=== MATERIALS PROVIDED ===

definition objective ::
  "((real \<times> 'h) \<Rightarrow> (real \<times> 'h) \<Rightarrow> real) \<Rightarrow> (real \<times> 'h) set \<Rightarrow> ('d \<Rightarrow> real \<times> 'h) \<Rightarrow>
   'c set \<Rightarrow> ('c \<Rightarrow> 'd set) \<Rightarrow> ('c \<Rightarrow> nat) \<Rightarrow> ('c \<Rightarrow> real) \<Rightarrow> ('c \<Rightarrow> 'd \<Rightarrow> real) \<Rightarrow> real" where
  "objective KL Theta thstar C Dc m \<alpha> \<beta> =
     Min ((\<lambda>c. \<alpha> c * Min ((\<lambda>d. Min ((\<lambda>d'. rateG KL Theta thstar d d' (\<beta> c d) (\<beta> c d'))
              ` botset Dc m (\<lambda>d. fst (thstar d)) c))
              ` topset Dc m (\<lambda>d. fst (thstar d)) c)) ` C)"

end

theory Submission
  imports Defs
begin

text \<open>
  Let \<Gamma> be the optimal value; it is positive because the uniform allocation already gives
  every context a positive contribution. At an optimum every context contributes exactly \<Gamma>:
  if one contributed more, moving a little of its weight \<alpha>(c) proportionally to the other
  contexts would lift all contributions above \<Gamma>. Within a context, if every pair through some
  design e stayed strictly above the context minimum, shrinking \<beta>(c, e) slightly and
  renormalising would multiply all other weights by some t > 1; since G is positively homogeneous
  and monotone, the pairs avoiding e strictly increase while those through e stay above the old
  minimum, so the context would contribute more than \<Gamma>, which was just excluded.
\<close>

context
  fixes KL :: "real \<times> 'h::topological_space \<Rightarrow> real \<times> 'h \<Rightarrow> real"
    and T :: "(real \<times> 'h) set" and thstar :: "'d \<Rightarrow> real \<times> 'h"
    and d d' :: 'd
  assumes KL_nonneg: "\<forall>a\<in>T. \<forall>b\<in>T. 0 \<le> KL a b"
    and thstar_in: "thstar d \<in> T" "thstar d' \<in> T"
begin

lemma rateG_eq_INF:
  "rateG KL T thstar d d' x y =
     (INF p \<in> {p \<in> T \<times> T. fst (fst p) \<le> fst (snd p)}.
        x * KL (thstar d) (fst p) + y * KL (thstar d') (snd p))"
  unfolding rateG_def by (rule arg_cong[where f = Inf]) force

lemma rateG_le:
  assumes "0 \<le> x" "0 \<le> y" "th \<in> T" "th' \<in> T" "fst th \<le> fst th'"
  shows "rateG KL T thstar d d' x y \<le> x * KL (thstar d) th + y * KL (thstar d') th'"
proof -
  have "bdd_below ((\<lambda>p. x * KL (thstar d) (fst p) + y * KL (thstar d') (snd p)) `
          {p \<in> T \<times> T. fst (fst p) \<le> fst (snd p)})"
    by (rule bdd_belowI2[where m = 0])
      (use assms KL_nonneg thstar_in in \<open>auto intro!: add_nonneg_nonneg mult_nonneg_nonneg\<close>)
  then show ?thesis
    unfolding rateG_eq_INF using assms by (intro cINF_lower2[where x = "(th, th')"]) auto
qed

lemma rateG_ge:
  assumes "\<And>th th'. th \<in> T \<Longrightarrow> th' \<in> T \<Longrightarrow> fst th \<le> fst th' \<Longrightarrow>
           r \<le> x * KL (thstar d) th + y * KL (thstar d') th'"
  shows "r \<le> rateG KL T thstar d d' x y"
  unfolding rateG_eq_INF
proof (rule cINF_greatest)
  have "(thstar d, thstar d) \<in> {p \<in> T \<times> T. fst (fst p) \<le> fst (snd p)}"
    using thstar_in by simp
  then show "{p \<in> T \<times> T. fst (fst p) \<le> fst (snd p)} \<noteq> {}"
    by blast
qed (use assms in auto)

lemma rateG_eq_0:
  assumes "\<forall>a\<in>T. KL a a = 0" "0 \<le> x" "0 \<le> y" "x = 0 \<or> y = 0"
  shows "rateG KL T thstar d d' x y = 0"
proof (rule antisym)
  show "0 \<le> rateG KL T thstar d d' x y"
    using assms KL_nonneg thstar_in by (intro rateG_ge) auto
  show "rateG KL T thstar d d' x y \<le> 0"
    using assms(4)
  proof
    assume "x = 0"
    then show ?thesis
      using rateG_le[of x y "thstar d'" "thstar d'"] assms thstar_in by simp
  next
    assume "y = 0"
    then show ?thesis
      using rateG_le[of x y "thstar d" "thstar d"] assms thstar_in by simp
  qed
qed

lemma rateG_scale_mono:
  assumes "0 \<le> x" "0 \<le> y" "0 < s" "s * x \<le> x'" "s * y \<le> y'"
  shows "s * rateG KL T thstar d d' x y \<le> rateG KL T thstar d d' x' y'"
proof (rule rateG_ge)
  fix th th' assume th: "th \<in> T" "th' \<in> T" "fst th \<le> fst th'"
  have "s * rateG KL T thstar d d' x y \<le> (s * x) * KL (thstar d) th + (s * y) * KL (thstar d') th'"
    using mult_left_mono[OF rateG_le[OF assms(1,2) th] less_imp_le[OF assms(3)]]
    by (simp add: algebra_simps)
  also have "\<dots> \<le> x' * KL (thstar d) th + y' * KL (thstar d') th'"
    using assms th KL_nonneg thstar_in by (intro add_mono mult_right_mono) auto
  finally show "s * rateG KL T thstar d d' x y \<le> \<dots>" .
qed

lemma rateG_pos:
  assumes "compact T" and KL_cont: "\<forall>a\<in>T. continuous_on T (KL a)"
    and KL_eq_0: "\<forall>a\<in>T. \<forall>b\<in>T. KL a b = 0 \<longrightarrow> fst a = fst b"
    and "0 < x" "0 < y"
    and less: "fst (thstar d') < fst (thstar d)"
  shows "0 < rateG KL T thstar d d' x y"
proof -
  define S where "S = {p \<in> T \<times> T. fst (fst p) \<le> fst (snd p)}"
  define f where "f p = x * KL (thstar d) (fst p) + y * KL (thstar d') (snd p)" for p
  have "compact S"
    unfolding S_def Collect_conj_eq Collect_mem_eq
    by (intro compact_Int_closed compact_Times assms closed_Collect_le continuous_intros)
  moreover have "(thstar d, thstar d) \<in> S"
    unfolding S_def using thstar_in by simp
  moreover have "continuous_on S f"
    unfolding f_def S_def using thstar_in
    by (intro continuous_intros continuous_on_compose2[OF KL_cont[rule_format]]) auto
  ultimately obtain p where p: "p \<in> S" and p_min: "\<forall>q\<in>S. f p \<le> f q"
    using continuous_attains_inf by (metis empty_iff)
  have "0 < f p"
  proof -
    have p_T: "fst p \<in> T" "snd p \<in> T" "fst (fst p) \<le> fst (snd p)"
      using p unfolding S_def by auto
    then have "KL (thstar d) (fst p) \<noteq> 0 \<or> KL (thstar d') (snd p) \<noteq> 0"
      using KL_eq_0 thstar_in less by force
    then show ?thesis
      unfolding f_def using p_T KL_nonneg thstar_in assms
      by (auto simp: add_nonneg_pos add_pos_nonneg order_le_neq_trans)
  qed
  also have "f p \<le> rateG KL T thstar d d' x y"
    using p_min unfolding f_def S_def by (intro rateG_ge) auto
  finally show ?thesis .
qed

===

- **TASK PROMPT**:
Find the line with "proof (rule antisym)" in the entries above. Retype it and each line after it, exactly, through the line with "using mult_left_mono[OF rateG_le[OF", and stop there.

- **ANSWER AREA**:
proof (rule antisym)
  show "0 \<le> rateG KL T thstar d d' x y"
    using assms KL_nonneg thstar_in by (intro rateG_ge) auto
  show "rateG KL T thstar d d' x y \<le> 0"
    using assms(4)
  proof
    assume "x = 0"
    then show ?thesis
      using rateG_le[of x y "thstar d'" "thstar d'"] assms thstar_in by simp
  next
    assume "y = 0"
    then show ?thesis
      using rateG_le[of x y "thstar d" "thstar d"] assms thstar_in by simp
  qed
qed

lemma rateG_scale_mono:
  assumes "0 \<le> x" "0 \<le> y" "0 < s" "s * x \<le> x'" "s * y \<le> y'"
  shows "s * rateG KL T thstar d d' x y \<le> rateG KL T thstar d d' x' y'"
proof (rule rateG_ge)
  fix th th' assume th: "th \<in> T" "th' \<in> T" "fst th \<le> fst th'"
  have "s * rateG KL T thstar d d' x y \<le> (s * x) * KL (thstar d) th + (s * y) * KL (thstar d') th'"
    using mult_left_mono[OF rateG_le[OF assms(1,2) th] less_imp_le[OF assms(3)]]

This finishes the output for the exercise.